» **Task goal**
Find the string "that" in the records and copy each line where it occurs.

Data records:
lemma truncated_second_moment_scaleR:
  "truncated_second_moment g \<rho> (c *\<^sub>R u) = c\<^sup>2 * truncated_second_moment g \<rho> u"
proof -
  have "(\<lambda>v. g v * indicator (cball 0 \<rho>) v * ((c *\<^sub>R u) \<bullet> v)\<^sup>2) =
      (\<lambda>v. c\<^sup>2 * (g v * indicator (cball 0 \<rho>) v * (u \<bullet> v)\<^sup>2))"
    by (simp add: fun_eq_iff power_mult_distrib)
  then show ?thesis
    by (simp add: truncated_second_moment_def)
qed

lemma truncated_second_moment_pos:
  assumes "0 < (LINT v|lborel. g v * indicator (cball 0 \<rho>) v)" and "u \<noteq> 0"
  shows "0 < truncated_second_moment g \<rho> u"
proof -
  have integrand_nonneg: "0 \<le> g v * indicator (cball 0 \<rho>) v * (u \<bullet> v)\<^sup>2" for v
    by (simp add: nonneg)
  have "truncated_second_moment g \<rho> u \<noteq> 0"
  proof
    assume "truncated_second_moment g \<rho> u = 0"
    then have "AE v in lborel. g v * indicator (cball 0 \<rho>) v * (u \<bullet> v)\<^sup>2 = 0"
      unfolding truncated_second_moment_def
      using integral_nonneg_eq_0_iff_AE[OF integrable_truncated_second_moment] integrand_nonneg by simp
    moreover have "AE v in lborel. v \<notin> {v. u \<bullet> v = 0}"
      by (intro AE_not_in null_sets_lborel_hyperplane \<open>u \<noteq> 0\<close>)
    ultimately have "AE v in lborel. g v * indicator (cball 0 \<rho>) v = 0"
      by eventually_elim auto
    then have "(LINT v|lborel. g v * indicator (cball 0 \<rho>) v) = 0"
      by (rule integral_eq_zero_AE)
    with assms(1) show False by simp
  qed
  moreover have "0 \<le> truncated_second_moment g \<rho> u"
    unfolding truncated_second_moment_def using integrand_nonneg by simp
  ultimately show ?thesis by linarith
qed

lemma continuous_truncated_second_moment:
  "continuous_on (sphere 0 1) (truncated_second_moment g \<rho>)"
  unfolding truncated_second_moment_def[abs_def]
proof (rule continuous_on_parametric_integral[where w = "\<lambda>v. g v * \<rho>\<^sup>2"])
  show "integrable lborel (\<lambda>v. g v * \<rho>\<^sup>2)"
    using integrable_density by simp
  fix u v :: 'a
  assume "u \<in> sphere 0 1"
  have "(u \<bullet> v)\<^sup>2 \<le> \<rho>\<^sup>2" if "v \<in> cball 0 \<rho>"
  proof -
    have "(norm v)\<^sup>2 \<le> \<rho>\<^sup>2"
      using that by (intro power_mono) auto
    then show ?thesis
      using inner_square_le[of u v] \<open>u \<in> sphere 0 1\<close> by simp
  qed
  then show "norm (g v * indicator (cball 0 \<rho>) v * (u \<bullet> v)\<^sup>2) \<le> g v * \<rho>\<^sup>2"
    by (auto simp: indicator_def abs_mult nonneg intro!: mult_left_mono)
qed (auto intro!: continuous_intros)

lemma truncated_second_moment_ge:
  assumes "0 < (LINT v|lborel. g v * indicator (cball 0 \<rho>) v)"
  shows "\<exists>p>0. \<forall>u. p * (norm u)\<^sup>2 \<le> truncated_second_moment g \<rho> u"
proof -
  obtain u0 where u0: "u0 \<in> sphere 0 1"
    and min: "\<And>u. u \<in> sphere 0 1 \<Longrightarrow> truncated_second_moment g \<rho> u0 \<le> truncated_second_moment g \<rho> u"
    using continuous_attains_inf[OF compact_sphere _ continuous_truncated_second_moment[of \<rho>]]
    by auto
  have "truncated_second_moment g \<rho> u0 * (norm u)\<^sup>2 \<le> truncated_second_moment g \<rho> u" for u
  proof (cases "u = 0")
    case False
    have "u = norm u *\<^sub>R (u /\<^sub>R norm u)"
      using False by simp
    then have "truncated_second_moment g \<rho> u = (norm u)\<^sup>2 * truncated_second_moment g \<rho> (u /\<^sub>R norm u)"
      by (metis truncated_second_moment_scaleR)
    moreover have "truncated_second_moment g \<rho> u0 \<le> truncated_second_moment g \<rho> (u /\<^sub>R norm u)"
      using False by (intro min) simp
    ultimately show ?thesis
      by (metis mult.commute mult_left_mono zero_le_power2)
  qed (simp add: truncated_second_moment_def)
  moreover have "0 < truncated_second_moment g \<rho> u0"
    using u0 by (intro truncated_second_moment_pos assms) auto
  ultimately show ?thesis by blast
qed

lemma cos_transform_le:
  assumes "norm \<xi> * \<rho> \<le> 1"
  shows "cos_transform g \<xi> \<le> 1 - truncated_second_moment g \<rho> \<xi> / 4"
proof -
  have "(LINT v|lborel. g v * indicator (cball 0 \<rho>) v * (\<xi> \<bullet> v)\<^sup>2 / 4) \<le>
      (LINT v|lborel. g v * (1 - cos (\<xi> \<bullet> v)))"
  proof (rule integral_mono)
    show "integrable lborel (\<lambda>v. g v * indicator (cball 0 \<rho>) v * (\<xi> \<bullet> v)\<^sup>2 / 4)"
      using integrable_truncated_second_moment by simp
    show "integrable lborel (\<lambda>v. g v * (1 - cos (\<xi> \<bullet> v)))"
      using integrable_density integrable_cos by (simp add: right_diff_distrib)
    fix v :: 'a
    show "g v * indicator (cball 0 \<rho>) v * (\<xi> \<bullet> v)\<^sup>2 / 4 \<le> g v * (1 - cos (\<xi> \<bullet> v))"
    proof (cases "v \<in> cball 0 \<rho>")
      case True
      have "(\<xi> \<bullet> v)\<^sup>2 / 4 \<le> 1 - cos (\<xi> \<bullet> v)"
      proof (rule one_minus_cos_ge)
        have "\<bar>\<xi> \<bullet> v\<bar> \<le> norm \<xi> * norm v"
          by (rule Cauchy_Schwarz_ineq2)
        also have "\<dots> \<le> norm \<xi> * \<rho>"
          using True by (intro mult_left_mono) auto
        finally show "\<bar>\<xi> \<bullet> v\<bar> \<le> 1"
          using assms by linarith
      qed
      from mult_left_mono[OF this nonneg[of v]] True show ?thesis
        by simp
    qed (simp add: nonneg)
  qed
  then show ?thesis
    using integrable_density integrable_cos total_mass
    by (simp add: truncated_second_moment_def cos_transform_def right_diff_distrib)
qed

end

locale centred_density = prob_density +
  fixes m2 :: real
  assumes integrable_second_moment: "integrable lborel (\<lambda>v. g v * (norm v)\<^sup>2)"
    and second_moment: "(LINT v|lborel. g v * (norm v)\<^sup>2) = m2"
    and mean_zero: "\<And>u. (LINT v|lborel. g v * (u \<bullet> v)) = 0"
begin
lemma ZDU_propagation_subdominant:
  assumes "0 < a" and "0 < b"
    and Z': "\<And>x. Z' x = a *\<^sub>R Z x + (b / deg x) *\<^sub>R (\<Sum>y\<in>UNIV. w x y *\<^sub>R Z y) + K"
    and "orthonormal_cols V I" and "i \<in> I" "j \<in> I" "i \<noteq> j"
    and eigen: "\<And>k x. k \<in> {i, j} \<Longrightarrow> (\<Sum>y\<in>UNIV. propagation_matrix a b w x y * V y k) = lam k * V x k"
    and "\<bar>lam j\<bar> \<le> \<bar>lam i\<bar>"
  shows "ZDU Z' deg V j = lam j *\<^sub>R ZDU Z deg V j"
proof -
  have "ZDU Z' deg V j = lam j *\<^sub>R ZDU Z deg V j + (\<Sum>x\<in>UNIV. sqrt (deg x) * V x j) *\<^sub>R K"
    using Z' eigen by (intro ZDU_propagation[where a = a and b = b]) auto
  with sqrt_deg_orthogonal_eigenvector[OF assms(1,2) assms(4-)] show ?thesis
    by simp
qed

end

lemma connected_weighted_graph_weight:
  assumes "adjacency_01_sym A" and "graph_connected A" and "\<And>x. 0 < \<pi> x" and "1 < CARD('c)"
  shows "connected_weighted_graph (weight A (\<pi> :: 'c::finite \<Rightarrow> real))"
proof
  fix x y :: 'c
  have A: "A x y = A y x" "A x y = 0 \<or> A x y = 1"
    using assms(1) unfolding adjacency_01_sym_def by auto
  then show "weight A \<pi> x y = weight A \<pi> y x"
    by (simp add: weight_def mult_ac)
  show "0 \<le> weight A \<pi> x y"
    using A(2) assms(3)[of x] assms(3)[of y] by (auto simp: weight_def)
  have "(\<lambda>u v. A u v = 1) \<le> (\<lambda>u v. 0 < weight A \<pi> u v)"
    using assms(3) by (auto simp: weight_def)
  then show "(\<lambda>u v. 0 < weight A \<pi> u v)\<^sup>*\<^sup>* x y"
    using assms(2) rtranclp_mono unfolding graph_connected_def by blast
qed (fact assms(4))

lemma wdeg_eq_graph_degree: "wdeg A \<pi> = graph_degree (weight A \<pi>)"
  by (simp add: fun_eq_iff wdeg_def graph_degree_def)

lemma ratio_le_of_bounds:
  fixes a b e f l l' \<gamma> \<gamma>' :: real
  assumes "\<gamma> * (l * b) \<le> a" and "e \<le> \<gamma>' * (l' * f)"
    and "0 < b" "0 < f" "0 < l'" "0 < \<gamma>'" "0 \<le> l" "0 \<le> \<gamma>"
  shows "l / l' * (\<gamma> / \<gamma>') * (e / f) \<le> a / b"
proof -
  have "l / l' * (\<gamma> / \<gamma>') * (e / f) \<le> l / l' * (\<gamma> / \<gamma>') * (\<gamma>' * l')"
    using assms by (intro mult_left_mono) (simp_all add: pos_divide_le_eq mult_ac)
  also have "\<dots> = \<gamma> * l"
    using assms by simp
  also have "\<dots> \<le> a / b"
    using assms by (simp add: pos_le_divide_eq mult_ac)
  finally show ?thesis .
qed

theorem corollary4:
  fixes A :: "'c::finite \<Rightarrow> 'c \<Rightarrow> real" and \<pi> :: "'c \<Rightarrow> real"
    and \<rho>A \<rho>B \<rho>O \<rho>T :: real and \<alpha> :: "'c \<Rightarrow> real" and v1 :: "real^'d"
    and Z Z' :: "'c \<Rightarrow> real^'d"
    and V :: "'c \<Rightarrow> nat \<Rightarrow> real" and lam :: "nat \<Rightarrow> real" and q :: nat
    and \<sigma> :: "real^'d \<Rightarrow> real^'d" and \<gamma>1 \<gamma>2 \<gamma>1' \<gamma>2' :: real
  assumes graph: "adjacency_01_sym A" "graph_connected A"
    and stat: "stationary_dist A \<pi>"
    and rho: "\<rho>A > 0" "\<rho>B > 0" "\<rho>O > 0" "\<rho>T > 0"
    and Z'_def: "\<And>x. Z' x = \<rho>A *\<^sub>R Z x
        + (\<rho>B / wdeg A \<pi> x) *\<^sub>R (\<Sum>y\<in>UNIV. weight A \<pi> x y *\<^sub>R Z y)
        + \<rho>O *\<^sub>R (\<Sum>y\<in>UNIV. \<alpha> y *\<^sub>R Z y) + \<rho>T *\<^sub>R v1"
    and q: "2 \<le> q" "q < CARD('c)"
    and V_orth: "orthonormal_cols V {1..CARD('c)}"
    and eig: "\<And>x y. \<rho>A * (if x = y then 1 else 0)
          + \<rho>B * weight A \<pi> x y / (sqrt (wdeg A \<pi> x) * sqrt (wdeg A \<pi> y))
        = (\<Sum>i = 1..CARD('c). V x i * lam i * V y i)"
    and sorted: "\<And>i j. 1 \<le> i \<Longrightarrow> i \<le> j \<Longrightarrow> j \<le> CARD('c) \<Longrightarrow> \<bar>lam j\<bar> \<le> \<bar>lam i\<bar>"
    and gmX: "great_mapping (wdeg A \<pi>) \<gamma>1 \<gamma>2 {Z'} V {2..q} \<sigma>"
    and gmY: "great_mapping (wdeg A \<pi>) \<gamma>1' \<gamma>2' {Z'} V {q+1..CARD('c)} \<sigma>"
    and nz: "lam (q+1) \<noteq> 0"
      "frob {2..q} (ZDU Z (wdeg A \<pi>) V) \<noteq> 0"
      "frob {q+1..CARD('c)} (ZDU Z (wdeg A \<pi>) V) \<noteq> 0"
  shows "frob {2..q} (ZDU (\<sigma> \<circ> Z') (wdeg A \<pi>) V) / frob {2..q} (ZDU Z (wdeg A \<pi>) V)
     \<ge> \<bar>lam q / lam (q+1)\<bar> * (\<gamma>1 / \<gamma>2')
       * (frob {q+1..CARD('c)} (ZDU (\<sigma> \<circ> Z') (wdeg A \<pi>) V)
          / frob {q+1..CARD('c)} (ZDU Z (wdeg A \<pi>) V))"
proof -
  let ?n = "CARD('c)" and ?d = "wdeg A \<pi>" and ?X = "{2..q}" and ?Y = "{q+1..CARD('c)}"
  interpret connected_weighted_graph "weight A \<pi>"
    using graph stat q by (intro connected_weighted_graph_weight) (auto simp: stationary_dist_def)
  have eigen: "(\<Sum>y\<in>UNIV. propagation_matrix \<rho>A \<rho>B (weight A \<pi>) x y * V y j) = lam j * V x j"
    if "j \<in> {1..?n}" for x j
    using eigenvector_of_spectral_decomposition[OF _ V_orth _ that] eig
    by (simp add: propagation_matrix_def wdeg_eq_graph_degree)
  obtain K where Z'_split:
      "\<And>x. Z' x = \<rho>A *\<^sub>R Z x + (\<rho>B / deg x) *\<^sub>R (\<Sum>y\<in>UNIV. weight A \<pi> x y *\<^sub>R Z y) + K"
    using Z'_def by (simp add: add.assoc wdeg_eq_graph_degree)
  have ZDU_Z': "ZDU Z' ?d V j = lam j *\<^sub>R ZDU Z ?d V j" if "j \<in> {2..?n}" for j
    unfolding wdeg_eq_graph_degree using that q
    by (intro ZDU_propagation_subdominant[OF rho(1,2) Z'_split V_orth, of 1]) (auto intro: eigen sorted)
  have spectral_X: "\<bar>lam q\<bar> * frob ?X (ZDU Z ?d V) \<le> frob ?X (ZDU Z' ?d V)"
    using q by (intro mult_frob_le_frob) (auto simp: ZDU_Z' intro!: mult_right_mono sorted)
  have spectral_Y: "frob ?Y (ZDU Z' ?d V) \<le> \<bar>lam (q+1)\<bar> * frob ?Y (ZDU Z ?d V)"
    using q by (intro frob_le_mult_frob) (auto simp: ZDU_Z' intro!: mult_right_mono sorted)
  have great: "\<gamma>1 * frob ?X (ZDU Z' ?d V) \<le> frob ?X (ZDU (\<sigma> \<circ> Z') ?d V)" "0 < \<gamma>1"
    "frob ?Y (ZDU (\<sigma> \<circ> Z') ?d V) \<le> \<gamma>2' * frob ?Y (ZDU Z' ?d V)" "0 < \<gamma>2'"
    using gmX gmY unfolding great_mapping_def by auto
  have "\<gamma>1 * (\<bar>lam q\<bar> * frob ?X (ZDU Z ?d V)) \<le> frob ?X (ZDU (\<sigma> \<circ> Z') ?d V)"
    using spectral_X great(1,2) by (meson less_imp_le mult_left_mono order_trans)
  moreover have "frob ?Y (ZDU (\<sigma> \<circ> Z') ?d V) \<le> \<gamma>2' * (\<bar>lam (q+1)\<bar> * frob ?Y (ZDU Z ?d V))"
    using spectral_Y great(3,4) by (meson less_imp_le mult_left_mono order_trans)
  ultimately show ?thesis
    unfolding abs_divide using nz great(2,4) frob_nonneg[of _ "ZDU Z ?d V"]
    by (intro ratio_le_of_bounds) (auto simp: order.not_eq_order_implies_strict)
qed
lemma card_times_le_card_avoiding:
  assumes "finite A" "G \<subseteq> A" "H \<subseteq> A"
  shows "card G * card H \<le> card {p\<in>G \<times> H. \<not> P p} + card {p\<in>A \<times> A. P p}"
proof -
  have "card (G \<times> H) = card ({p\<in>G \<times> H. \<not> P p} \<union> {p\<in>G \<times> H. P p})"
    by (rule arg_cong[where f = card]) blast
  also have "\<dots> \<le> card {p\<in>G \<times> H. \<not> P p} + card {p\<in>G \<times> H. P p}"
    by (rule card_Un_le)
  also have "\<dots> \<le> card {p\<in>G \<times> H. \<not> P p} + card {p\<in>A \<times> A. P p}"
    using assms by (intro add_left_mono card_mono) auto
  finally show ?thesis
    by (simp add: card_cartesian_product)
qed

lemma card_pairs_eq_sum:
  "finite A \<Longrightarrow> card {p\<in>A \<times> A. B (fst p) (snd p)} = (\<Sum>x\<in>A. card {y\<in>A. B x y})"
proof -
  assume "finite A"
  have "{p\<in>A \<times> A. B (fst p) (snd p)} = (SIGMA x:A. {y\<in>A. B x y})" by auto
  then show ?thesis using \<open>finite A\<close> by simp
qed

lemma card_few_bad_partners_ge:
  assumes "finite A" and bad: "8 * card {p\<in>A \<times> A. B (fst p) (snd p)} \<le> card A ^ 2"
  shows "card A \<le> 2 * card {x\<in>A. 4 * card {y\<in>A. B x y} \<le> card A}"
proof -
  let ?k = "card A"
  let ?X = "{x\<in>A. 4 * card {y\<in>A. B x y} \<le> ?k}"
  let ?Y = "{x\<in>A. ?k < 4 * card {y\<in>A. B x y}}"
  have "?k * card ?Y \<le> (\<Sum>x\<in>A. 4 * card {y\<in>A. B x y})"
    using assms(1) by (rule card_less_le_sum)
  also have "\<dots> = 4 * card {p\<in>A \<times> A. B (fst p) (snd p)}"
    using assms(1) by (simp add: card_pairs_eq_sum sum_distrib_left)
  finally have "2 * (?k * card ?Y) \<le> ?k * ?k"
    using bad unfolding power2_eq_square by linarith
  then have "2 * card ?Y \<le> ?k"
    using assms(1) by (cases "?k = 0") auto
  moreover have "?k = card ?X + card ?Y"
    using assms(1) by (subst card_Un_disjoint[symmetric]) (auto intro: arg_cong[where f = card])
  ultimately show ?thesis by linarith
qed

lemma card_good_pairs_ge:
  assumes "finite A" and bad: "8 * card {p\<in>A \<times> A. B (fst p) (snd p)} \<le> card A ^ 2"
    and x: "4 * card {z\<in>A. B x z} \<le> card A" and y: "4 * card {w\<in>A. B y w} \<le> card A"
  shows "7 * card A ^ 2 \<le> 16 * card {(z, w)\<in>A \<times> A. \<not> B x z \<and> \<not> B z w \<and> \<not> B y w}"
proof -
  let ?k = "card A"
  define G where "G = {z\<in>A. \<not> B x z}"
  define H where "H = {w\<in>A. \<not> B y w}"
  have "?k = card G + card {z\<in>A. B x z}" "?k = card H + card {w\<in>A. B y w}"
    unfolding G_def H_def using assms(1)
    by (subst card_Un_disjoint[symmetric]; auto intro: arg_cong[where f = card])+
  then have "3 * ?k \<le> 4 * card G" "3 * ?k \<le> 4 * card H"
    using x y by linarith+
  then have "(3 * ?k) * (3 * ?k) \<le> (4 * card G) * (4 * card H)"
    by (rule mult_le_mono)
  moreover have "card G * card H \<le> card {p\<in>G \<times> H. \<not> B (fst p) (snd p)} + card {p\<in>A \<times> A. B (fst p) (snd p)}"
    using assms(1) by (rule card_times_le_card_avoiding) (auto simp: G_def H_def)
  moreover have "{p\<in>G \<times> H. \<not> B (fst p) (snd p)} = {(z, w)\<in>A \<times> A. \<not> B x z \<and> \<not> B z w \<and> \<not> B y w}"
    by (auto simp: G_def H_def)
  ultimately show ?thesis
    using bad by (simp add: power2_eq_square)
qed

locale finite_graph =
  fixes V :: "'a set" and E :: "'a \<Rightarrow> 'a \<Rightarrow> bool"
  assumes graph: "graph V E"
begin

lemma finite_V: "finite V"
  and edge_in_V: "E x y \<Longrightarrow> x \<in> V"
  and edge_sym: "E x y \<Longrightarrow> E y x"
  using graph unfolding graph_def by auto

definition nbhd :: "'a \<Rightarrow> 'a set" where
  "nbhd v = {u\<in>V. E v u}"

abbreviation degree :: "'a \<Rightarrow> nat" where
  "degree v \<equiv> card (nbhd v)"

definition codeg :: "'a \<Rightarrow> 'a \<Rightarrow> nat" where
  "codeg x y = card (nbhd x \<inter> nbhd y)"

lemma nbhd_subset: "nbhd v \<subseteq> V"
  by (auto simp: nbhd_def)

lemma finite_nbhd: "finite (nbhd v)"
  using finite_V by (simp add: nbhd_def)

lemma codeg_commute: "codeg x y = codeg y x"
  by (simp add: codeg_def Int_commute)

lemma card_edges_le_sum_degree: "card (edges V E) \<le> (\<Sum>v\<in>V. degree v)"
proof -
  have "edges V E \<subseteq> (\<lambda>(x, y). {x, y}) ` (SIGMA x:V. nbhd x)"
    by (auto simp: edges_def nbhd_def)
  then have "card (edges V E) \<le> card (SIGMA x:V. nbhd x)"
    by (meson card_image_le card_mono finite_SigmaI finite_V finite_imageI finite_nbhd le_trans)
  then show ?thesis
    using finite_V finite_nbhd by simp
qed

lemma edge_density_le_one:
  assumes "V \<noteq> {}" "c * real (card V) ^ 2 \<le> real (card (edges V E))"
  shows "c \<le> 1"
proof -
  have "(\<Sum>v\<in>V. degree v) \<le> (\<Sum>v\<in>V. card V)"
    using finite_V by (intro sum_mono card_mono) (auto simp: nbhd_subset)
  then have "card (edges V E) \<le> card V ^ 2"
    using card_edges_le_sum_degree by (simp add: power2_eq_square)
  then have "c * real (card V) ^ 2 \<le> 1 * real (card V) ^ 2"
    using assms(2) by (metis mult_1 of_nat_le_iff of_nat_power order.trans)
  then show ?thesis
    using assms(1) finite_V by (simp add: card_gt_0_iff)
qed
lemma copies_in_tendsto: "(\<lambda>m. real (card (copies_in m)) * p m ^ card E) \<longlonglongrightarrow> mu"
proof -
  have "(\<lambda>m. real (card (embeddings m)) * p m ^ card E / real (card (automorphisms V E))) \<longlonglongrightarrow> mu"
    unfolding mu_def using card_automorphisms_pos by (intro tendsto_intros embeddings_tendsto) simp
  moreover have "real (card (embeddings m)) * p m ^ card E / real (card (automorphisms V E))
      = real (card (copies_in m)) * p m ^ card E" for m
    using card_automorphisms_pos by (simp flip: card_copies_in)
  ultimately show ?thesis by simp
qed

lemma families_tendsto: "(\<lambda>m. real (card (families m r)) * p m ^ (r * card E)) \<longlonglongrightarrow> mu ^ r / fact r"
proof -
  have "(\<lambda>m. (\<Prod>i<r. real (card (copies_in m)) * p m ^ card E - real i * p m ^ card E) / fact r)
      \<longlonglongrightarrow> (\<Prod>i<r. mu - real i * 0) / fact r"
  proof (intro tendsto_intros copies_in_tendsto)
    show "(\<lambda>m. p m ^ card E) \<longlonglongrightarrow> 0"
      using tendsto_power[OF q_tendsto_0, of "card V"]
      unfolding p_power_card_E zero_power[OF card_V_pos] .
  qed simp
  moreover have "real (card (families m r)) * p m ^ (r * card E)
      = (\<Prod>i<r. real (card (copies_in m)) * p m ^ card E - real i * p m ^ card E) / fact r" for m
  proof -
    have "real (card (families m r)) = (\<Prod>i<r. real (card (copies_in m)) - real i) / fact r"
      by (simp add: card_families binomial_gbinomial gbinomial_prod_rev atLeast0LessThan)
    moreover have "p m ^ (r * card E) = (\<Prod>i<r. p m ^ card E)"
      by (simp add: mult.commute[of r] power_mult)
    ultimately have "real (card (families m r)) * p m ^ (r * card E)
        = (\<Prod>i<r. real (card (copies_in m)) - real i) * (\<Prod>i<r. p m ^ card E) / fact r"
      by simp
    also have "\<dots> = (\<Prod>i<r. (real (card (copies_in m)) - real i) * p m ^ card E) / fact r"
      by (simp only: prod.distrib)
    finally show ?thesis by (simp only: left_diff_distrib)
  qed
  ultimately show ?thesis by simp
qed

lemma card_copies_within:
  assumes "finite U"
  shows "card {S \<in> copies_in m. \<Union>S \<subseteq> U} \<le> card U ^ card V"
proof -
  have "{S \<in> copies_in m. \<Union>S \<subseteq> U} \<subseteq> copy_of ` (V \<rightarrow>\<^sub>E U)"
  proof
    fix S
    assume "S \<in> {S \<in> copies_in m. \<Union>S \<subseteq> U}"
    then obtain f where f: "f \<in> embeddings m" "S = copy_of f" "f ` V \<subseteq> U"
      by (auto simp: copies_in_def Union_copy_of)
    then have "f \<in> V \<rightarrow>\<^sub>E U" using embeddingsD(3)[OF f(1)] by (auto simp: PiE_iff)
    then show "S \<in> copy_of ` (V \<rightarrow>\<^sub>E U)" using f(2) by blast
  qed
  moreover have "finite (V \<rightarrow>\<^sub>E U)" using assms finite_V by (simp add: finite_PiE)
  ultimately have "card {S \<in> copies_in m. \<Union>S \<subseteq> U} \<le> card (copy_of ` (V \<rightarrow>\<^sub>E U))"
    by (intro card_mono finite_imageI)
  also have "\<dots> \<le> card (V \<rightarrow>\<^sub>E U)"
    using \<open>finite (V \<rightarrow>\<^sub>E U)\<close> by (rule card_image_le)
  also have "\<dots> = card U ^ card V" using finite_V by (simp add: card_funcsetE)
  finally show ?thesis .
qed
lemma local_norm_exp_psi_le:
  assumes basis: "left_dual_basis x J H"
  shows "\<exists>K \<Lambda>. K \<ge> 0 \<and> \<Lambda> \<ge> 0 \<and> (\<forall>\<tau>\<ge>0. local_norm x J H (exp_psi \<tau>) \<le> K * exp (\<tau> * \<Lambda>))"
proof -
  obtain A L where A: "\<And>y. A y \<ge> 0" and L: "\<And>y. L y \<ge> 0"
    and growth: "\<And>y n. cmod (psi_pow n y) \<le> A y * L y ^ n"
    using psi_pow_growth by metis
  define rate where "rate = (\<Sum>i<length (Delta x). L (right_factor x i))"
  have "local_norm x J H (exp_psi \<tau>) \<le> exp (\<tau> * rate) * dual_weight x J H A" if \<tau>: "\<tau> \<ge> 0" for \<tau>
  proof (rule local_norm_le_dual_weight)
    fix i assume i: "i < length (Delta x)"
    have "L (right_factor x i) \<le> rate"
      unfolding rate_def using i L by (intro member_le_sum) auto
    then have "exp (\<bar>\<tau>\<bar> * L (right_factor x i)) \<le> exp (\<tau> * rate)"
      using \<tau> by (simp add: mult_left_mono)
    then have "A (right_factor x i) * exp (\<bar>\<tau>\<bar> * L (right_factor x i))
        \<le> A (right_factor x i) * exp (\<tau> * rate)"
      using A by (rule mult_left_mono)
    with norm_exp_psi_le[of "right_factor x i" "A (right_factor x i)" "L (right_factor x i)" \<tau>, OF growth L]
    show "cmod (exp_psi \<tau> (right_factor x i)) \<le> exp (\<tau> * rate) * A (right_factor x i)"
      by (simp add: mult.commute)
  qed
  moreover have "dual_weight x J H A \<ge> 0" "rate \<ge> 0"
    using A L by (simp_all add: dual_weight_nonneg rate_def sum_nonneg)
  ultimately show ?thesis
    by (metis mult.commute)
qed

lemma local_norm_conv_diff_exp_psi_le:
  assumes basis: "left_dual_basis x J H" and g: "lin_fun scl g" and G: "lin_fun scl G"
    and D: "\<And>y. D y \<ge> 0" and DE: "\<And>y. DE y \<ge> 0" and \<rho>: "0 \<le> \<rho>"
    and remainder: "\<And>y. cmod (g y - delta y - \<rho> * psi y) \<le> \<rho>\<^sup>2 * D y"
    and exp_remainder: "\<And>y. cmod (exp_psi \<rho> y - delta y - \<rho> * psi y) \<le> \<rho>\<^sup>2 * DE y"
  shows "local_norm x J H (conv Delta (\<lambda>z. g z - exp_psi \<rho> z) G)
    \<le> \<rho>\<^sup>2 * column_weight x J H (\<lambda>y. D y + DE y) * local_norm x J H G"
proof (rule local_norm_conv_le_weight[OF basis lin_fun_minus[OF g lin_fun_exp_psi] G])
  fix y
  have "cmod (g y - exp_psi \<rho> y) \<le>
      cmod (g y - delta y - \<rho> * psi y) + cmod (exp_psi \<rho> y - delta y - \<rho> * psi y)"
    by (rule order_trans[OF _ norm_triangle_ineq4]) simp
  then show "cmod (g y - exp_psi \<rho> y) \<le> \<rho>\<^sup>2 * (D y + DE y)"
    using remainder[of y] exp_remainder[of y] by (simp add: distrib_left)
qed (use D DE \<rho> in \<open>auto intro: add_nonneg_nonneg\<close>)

» **Exercise answer**
      using that by (intro power_mono) auto
    using eigenvector_of_spectral_decomposition[OF _ V_orth _ that] eig
    unfolding wdeg_eq_graph_degree using that q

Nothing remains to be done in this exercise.